Exercise directions:
Beginning at whichever line contains "using atoms_Bs sums_eq", reproduce each line of the records below word for word, ending with the last, and add nothing.

(Stored data)
lemma disjoint_spanning_trees_if_extremal_lengths:
  assumes "graph V E r" and "2 \<le> k"
    and "k \<in> agg_lengths V E r a" and "(k - 1) * card V + 1 \<in> agg_lengths V E r a"
  shows "has_k_edge_disjoint_spanning_trees V E r k"
proof -
  obtain As Bs where As: "length As = k" "\<forall>f\<in>set As. agg_atom V E r f" "sum_list As = a"
    and Bs: "length Bs = (k - 1) * card V + 1" "\<forall>f\<in>set Bs. agg_atom V E r f" "sum_list Bs = a"
    using assms(3,4) unfolding agg_lengths_def by blast
  interpret atom_factorisations V E r k "nth As" "(k - 1) * card V + 1" "nth Bs"
    using atom_factorisations_of_lists[OF assms(1) As(2) Bs(2)] As(1,3) Bs(1,3) by simp
  have "\<forall>f\<in>set As. atom_vertices V f = V"
    using num_atoms_eq_imp_spanning(1)[OF assms(2) refl] As(1) by (auto simp: in_set_conv_nth)
  moreover have "\<forall>e\<in>E. sum_list As (Inr e) \<le> 1"
    using num_atoms_eq_imp_spanning(2)[OF assms(2) refl] Bs(1)
    by (simp add: As(3) Bs(3)[symmetric] sum_list_apply_nth)
  ultimately show ?thesis
    using disjoint_spanning_trees_if_spanning_atoms[OF assms(1) As(2)] As(1) by simp
qed

section \<open>Factorisations from edge-disjoint spanning trees\<close>

lemma sum_subgraph_indicators_disjoint:
  assumes "finite V" and "0 < k"
    and disjoint: "\<And>i j. i < k \<Longrightarrow> j < k \<Longrightarrow> i \<noteq> j \<Longrightarrow> T i \<inter> T j = {}"
  shows "(\<Sum>j<k. subgraph_indicator V (T j) y) =
    subgraph_indicator V (\<Union>j<k. T j) y + (k - 1) * (\<Sum>v\<in>V. subgraph_indicator {v} {} y)"
proof (cases y)
  case (Inl x)
  have "(\<Sum>v\<in>V. of_bool (x \<in> {v})) = (\<Sum>v\<in>V. if v = x then 1 else (0 :: nat))"
    by (intro sum.cong) auto
  also have "\<dots> = of_bool (x \<in> V)"
    using assms(1) by simp
  finally have "(\<Sum>v\<in>V. of_bool (x \<in> {v})) = (of_bool (x \<in> V) :: nat)" .
  then show ?thesis
    using Inl assms(2) by (cases k) auto
next
  case (Inr e)
  have "{j \<in> {..<k}. e \<in> T j} = (if e \<in> (\<Union>j<k. T j) then {SOME j. j < k \<and> e \<in> T j} else {})"
    using disjoint by (auto intro: someI2_ex)
  then have "(\<Sum>j<k. of_bool (e \<in> T j)) = (of_bool (e \<in> (\<Union>j<k. T j)) :: nat)"
    by (simp add: Int_def)
  then show ?thesis
    using Inr by simp
qed

lemma extremal_lengths_if_disjoint_spanning_trees:
  fixes V :: "'v set" and E :: "'e set"
  assumes "graph V E r" and "V \<noteq> {}" and "0 < k"
    and "has_k_edge_disjoint_spanning_trees V E r k"
  shows "\<exists>a. agglomeration V E r a \<and> k \<in> agg_lengths V E r a \<and>
    (k - 1) * card V + 1 \<in> agg_lengths V E r a"
proof -
  obtain T where T: "\<And>i. i < k \<Longrightarrow> spanning_tree V E r (T i)"
    and disjoint: "\<And>i j. i < k \<Longrightarrow> j < k \<Longrightarrow> i \<noteq> j \<Longrightarrow> T i \<inter> T j = {}"
    using assms(4) unfolding has_k_edge_disjoint_spanning_trees_def by blast
  have "finite V" and edges: "\<And>e. e \<in> E \<Longrightarrow> r e \<subseteq> V"
    using assms(1) by (auto simp: graph_def)
  obtain vs where "set vs = V" and "distinct vs"
    using finite_distinct_list[OF \<open>finite V\<close>] by blast
  define As where "As = map (\<lambda>j. subgraph_indicator V (T j)) [0..<k]"
  define Bs where "Bs = subgraph_indicator V (\<Union>j<k. T j) #
    concat (replicate (k - 1) (map (\<lambda>v. subgraph_indicator {v} {}) vs))"
  have T_E: "T j \<subseteq> E" and T_connected: "connected_sub V r (T j)" if "j < k" for j
    using T[OF that] by (auto simp: spanning_tree_def)
  have "agg_atom V E r (subgraph_indicator V (T j))" if "j < k" for j
    using assms(1,2) T_E[OF that] T_connected[OF that] edges
    by (intro subgraph_indicator_atom) auto
  then have atoms_As: "\<forall>f\<in>set As. agg_atom V E r f"
    by (auto simp: As_def)
  have "T 0 \<subseteq> (\<Union>j<k. T j)"
    using assms(3) by blast
  then have "connected_sub V r (\<Union>j<k. T j)"
    by (rule connected_sub_mono[OF _ T_connected[OF assms(3)]])
  moreover have "(\<Union>j<k. T j) \<subseteq> E"
    by (intro UN_least) (simp add: T_E)
  ultimately have "agg_atom V E r (subgraph_indicator V (\<Union>j<k. T j))"
    using edges by (intro subgraph_indicator_atom[OF assms(1) subset_refl assms(2)]) auto
  moreover have "agg_atom V E r (subgraph_indicator {v} {})" if "v \<in> V" for v
    using assms(1) that by (intro subgraph_indicator_atom) (auto simp: connected_sub_def)
  ultimately have atoms_Bs: "\<forall>f\<in>set Bs. agg_atom V E r f"
    using \<open>set vs = V\<close> by (auto simp: Bs_def)
  have sums_eq: "sum_list As = sum_list Bs"
  proof
    fix y
    have "sum_list (concat (replicate m fs)) y = m * sum_list fs y"
      for m and fs :: "('v + 'e \<Rightarrow> nat) list"
      by (induction m) simp_all
    then have "sum_list Bs y = subgraph_indicator V (\<Union>j<k. T j) y +
      (k - 1) * sum_list (map (\<lambda>v. subgraph_indicator {v} {}) vs) y"
      by (simp add: Bs_def)
    also have "\<dots> = subgraph_indicator V (\<Union>j<k. T j) y +
      (k - 1) * (\<Sum>v\<in>V. subgraph_indicator {v} {} y)"
      using \<open>set vs = V\<close> \<open>distinct vs\<close>
      by (simp only: sum_list_apply map_map comp_def) (simp add: sum_list_distinct_conv_sum_set)
    finally
    show "sum_list As y = sum_list Bs y"
      using sum_subgraph_indicators_disjoint[OF \<open>finite V\<close> assms(3) disjoint]
      by (simp add: As_def sum_list_apply_nth)
  qed
  have "length Bs = (k - 1) * card V + 1"
    using distinct_card[OF \<open>distinct vs\<close>] \<open>set vs = V\<close>
    by (simp add: Bs_def length_concat sum_list_replicate)
  then have "(k - 1) * card V + 1 \<in> agg_lengths V E r (sum_list As)"
    using atoms_Bs sums_eq unfolding agg_lengths_def by auto
  moreover have "k \<in> agg_lengths V E r (sum_list As)"
    using atoms_As unfolding agg_lengths_def by (intro CollectI exI[of _ As]) (simp add: As_def)
  moreover have "agglomeration V E r (sum_list As)"
    using atoms_As by (intro agglomeration_sum_list agg_atom_agglomeration) blast
  ultimately show ?thesis
    by blast
qed

section \<open>The refined elasticity\<close>

text \<open>The hypothesis 0 < N excludes A = {}, whose supremum is 0.\<close>

lemma Sup_enat_eq_iff_mem:
  fixes A :: "enat set"
  assumes "\<And>x. x \<in> A \<Longrightarrow> x \<le> enat N" and "0 < N"
  shows "Sup A = enat N \<longleftrightarrow> enat N \<in> A"
proof
  assume "enat N \<in> A"
  then show "Sup A = enat N"
    using assms(1) by (intro antisym Sup_least Sup_upper)
next
  assume Sup: "Sup A = enat N"
  have "finite A"
    using finite_enat_bounded assms(1) by blast
  moreover have "A \<noteq> {}"
    using Sup assms(2) by (auto simp: bot_enat_def zero_enat_def)
  ultimately have "Sup A = Max A" and "Max A \<in> A"
    by (simp_all add: Sup_enat_def)
  then show "enat N \<in> A"
    using Sup by simp
qed

lemma agg_rho_le:
  assumes "\<And>a m. agglomeration V E r a \<Longrightarrow> k \<in> agg_lengths V E r a \<Longrightarrow>
      m \<in> agg_lengths V E r a \<Longrightarrow> m \<le> N"
  shows "agg_rho V E r k \<le> enat N"
  unfolding agg_rho_def by (auto intro!: Sup_least dest: assms)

Solution for this exercise:
    using atoms_Bs sums_eq unfolding agg_lengths_def by auto
  moreover have "k \<in> agg_lengths V E r (sum_list As)"
    using atoms_As unfolding agg_lengths_def by (intro CollectI exI[of _ As]) (simp add: As_def)
  moreover have "agglomeration V E r (sum_list As)"
    using atoms_As by (intro agglomeration_sum_list agg_atom_agglomeration) blast
  ultimately show ?thesis
    by blast
qed

section \<open>The refined elasticity\<close>

text \<open>The hypothesis 0 < N excludes A = {}, whose supremum is 0.\<close>

lemma Sup_enat_eq_iff_mem:
  fixes A :: "enat set"
  assumes "\<And>x. x \<in> A \<Longrightarrow> x \<le> enat N" and "0 < N"
  shows "Sup A = enat N \<longleftrightarrow> enat N \<in> A"
proof
  assume "enat N \<in> A"
  then show "Sup A = enat N"
    using assms(1) by (intro antisym Sup_least Sup_upper)
next
  assume Sup: "Sup A = enat N"
  have "finite A"
    using finite_enat_bounded assms(1) by blast
  moreover have "A \<noteq> {}"
    using Sup assms(2) by (auto simp: bot_enat_def zero_enat_def)
  ultimately have "Sup A = Max A" and "Max A \<in> A"
    by (simp_all add: Sup_enat_def)
  then show "enat N \<in> A"
    using Sup by simp
qed

lemma agg_rho_le:
  assumes "\<And>a m. agglomeration V E r a \<Longrightarrow> k \<in> agg_lengths V E r a \<Longrightarrow>
      m \<in> agg_lengths V E r a \<Longrightarrow> m \<le> N"
  shows "agg_rho V E r k \<le> enat N"
  unfolding agg_rho_def by (auto intro!: Sup_least dest: assms)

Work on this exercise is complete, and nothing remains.